START SOURCE DATA

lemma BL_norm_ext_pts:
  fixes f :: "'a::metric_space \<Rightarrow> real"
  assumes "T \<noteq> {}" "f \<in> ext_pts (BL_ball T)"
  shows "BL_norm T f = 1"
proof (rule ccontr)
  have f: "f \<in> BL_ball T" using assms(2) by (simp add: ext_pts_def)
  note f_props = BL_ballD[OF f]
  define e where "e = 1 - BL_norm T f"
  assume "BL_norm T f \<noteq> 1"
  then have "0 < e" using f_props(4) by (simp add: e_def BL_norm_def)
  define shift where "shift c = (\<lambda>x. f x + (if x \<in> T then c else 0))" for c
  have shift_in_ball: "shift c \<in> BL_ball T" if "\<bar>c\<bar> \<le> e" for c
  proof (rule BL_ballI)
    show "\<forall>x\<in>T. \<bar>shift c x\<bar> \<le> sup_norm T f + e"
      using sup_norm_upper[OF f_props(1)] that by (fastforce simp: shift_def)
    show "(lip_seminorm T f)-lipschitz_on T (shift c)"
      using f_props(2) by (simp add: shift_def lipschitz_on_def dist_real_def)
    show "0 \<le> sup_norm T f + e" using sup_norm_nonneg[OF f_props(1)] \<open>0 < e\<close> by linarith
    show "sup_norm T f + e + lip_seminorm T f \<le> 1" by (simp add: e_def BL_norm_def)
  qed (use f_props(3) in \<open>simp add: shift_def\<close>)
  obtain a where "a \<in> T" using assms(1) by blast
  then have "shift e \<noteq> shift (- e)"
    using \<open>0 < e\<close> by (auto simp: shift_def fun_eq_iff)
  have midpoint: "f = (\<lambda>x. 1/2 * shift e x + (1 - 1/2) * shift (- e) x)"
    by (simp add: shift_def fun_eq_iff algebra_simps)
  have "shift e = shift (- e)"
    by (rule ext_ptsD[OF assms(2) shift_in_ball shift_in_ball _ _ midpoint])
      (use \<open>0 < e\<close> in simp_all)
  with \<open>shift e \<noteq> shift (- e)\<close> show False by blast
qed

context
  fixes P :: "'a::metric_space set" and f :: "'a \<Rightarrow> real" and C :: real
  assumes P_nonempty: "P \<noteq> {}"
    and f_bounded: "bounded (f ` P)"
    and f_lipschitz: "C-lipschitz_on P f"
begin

END SOURCE DATA
START SOURCE DATA

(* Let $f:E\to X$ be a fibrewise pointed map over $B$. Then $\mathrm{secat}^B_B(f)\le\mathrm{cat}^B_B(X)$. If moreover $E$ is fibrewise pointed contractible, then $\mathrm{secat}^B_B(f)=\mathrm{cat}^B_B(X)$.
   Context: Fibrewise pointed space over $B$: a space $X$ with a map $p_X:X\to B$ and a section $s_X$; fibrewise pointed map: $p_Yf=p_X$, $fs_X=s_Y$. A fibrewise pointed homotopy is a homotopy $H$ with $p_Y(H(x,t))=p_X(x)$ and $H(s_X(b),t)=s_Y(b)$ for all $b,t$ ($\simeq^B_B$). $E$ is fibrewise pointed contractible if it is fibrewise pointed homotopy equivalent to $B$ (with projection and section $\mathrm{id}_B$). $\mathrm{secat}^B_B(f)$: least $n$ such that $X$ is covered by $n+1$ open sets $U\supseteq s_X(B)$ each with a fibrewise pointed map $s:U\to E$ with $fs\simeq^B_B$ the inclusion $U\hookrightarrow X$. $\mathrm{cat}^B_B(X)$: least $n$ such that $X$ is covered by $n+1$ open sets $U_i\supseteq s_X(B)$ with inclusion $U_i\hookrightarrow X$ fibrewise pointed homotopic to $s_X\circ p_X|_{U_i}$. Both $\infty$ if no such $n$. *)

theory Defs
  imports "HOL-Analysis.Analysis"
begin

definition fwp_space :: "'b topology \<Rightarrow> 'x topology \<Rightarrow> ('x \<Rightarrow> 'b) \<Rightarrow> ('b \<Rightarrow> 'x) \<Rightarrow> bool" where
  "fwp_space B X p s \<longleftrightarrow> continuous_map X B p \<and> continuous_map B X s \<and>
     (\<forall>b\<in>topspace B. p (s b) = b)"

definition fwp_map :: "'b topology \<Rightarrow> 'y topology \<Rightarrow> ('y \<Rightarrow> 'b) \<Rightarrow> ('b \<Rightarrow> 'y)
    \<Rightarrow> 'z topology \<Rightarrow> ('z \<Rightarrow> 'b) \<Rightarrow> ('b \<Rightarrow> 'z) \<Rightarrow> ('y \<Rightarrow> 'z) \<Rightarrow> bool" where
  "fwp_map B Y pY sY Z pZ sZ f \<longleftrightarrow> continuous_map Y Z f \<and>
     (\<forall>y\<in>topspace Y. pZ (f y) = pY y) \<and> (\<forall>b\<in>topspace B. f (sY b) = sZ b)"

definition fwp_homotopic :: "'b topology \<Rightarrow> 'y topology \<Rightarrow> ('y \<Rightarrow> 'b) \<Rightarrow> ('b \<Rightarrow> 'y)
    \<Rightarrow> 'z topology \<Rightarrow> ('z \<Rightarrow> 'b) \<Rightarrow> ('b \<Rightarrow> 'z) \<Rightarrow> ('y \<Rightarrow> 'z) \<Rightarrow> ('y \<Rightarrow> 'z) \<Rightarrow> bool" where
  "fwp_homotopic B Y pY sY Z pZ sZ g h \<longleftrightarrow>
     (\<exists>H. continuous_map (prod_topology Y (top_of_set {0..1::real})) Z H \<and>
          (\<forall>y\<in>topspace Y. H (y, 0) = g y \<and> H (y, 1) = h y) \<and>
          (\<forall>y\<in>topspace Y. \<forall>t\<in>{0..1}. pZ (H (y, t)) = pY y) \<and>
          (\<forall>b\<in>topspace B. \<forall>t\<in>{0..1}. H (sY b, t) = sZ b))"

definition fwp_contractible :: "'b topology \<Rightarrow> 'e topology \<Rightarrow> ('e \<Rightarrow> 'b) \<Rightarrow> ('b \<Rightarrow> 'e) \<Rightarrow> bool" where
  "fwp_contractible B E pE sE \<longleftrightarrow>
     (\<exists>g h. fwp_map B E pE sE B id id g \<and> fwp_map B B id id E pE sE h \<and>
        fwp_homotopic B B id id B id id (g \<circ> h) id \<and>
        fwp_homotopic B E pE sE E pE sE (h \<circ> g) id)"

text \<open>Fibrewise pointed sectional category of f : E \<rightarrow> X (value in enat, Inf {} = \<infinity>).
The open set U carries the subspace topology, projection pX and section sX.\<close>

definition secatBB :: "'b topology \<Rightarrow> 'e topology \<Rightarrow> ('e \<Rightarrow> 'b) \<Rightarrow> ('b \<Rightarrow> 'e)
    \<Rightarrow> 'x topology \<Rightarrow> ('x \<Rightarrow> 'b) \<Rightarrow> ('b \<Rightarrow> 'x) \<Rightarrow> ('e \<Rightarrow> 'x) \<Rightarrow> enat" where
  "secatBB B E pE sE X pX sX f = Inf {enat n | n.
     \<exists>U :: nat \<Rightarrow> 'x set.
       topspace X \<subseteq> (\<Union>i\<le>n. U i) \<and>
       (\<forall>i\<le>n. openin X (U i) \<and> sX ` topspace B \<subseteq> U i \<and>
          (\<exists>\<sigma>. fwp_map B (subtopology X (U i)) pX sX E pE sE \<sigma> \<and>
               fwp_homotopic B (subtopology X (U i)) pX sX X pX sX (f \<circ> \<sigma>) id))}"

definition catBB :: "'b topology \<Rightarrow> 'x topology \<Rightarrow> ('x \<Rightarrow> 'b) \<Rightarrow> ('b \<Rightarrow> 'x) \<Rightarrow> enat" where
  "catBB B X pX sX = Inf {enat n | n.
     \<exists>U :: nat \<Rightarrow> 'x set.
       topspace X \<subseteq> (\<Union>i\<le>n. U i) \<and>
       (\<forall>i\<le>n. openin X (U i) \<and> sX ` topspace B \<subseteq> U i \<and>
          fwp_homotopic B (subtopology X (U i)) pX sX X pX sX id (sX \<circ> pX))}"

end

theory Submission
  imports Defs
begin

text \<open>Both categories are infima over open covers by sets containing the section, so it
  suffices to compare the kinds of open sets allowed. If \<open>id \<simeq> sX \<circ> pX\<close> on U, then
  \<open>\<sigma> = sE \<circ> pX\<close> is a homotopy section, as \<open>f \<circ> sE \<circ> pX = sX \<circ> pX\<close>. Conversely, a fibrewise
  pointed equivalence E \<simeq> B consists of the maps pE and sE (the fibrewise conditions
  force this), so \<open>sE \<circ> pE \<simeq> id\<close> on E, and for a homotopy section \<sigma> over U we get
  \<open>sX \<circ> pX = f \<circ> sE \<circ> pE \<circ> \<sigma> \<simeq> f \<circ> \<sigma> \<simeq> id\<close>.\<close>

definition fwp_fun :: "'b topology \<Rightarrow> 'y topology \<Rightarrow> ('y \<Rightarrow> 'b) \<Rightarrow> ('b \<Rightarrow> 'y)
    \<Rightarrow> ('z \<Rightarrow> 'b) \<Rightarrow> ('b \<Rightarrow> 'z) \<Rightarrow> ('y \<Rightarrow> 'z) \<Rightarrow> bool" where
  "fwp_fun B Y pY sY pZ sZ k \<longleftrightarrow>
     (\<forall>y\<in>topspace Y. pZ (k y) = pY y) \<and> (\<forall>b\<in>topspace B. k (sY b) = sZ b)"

END SOURCE DATA
START SOURCE DATA

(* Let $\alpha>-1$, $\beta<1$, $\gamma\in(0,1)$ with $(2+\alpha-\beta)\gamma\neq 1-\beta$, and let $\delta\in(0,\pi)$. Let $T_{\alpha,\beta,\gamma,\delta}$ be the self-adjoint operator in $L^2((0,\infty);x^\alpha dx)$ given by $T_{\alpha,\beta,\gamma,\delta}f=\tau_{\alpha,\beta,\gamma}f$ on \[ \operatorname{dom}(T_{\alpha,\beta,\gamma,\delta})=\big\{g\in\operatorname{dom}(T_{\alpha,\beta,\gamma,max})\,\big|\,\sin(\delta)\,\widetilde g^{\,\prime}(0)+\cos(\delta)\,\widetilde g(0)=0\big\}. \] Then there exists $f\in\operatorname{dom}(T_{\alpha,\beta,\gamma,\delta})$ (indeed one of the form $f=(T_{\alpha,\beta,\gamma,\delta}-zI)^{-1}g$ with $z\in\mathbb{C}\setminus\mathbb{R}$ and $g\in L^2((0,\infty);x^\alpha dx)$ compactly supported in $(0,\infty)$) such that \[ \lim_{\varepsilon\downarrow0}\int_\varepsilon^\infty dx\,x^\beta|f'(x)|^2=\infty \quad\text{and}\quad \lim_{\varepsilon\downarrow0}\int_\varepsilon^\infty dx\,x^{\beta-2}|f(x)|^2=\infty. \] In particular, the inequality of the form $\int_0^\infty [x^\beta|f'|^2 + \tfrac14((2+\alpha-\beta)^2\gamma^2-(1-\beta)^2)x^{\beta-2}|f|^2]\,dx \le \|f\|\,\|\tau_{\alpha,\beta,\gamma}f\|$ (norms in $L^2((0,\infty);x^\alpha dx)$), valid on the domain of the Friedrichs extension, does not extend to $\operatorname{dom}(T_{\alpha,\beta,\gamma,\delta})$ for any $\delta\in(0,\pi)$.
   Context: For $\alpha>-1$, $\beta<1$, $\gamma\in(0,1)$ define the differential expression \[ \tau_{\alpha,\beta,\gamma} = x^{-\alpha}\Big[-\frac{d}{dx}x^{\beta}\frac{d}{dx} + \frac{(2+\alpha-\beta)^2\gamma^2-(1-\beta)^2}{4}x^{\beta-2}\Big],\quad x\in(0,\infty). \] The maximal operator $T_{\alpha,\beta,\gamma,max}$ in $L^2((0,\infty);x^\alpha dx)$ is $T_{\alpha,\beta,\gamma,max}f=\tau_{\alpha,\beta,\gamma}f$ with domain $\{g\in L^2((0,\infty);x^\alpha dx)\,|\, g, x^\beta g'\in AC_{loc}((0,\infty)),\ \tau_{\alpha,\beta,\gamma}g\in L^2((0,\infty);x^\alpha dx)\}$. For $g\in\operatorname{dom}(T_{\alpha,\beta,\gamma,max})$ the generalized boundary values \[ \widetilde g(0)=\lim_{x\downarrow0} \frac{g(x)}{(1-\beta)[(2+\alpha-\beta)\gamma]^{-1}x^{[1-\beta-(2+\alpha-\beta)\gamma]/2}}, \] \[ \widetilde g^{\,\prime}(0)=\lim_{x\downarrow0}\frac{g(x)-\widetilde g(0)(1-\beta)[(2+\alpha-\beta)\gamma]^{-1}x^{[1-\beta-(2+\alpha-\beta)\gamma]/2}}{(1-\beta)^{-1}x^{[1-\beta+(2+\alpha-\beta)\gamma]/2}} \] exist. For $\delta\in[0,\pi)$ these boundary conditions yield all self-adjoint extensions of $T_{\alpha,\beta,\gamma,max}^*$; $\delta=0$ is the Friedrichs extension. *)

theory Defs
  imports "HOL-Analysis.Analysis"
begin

END SOURCE DATA

* TASK INSTRUCTIONS:
Within the material above, transcribe exactly the lines that run from the line holding "pointed equivalence E" through the line holding "(\<forall>y\<in>topspace Y. pZ (k".

* FINISHED EXERCISE:
  pointed equivalence E \<simeq> B consists of the maps pE and sE (the fibrewise conditions
  force this), so \<open>sE \<circ> pE \<simeq> id\<close> on E, and for a homotopy section \<sigma> over U we get
  \<open>sX \<circ> pX = f \<circ> sE \<circ> pE \<circ> \<sigma> \<simeq> f \<circ> \<sigma> \<simeq> id\<close>.\<close>

definition fwp_fun :: "'b topology \<Rightarrow> 'y topology \<Rightarrow> ('y \<Rightarrow> 'b) \<Rightarrow> ('b \<Rightarrow> 'y)
    \<Rightarrow> ('z \<Rightarrow> 'b) \<Rightarrow> ('b \<Rightarrow> 'z) \<Rightarrow> ('y \<Rightarrow> 'z) \<Rightarrow> bool" where
  "fwp_fun B Y pY sY pZ sZ k \<longleftrightarrow>
     (\<forall>y\<in>topspace Y. pZ (k y) = pY y) \<and> (\<forall>b\<in>topspace B. k (sY b) = sZ b)"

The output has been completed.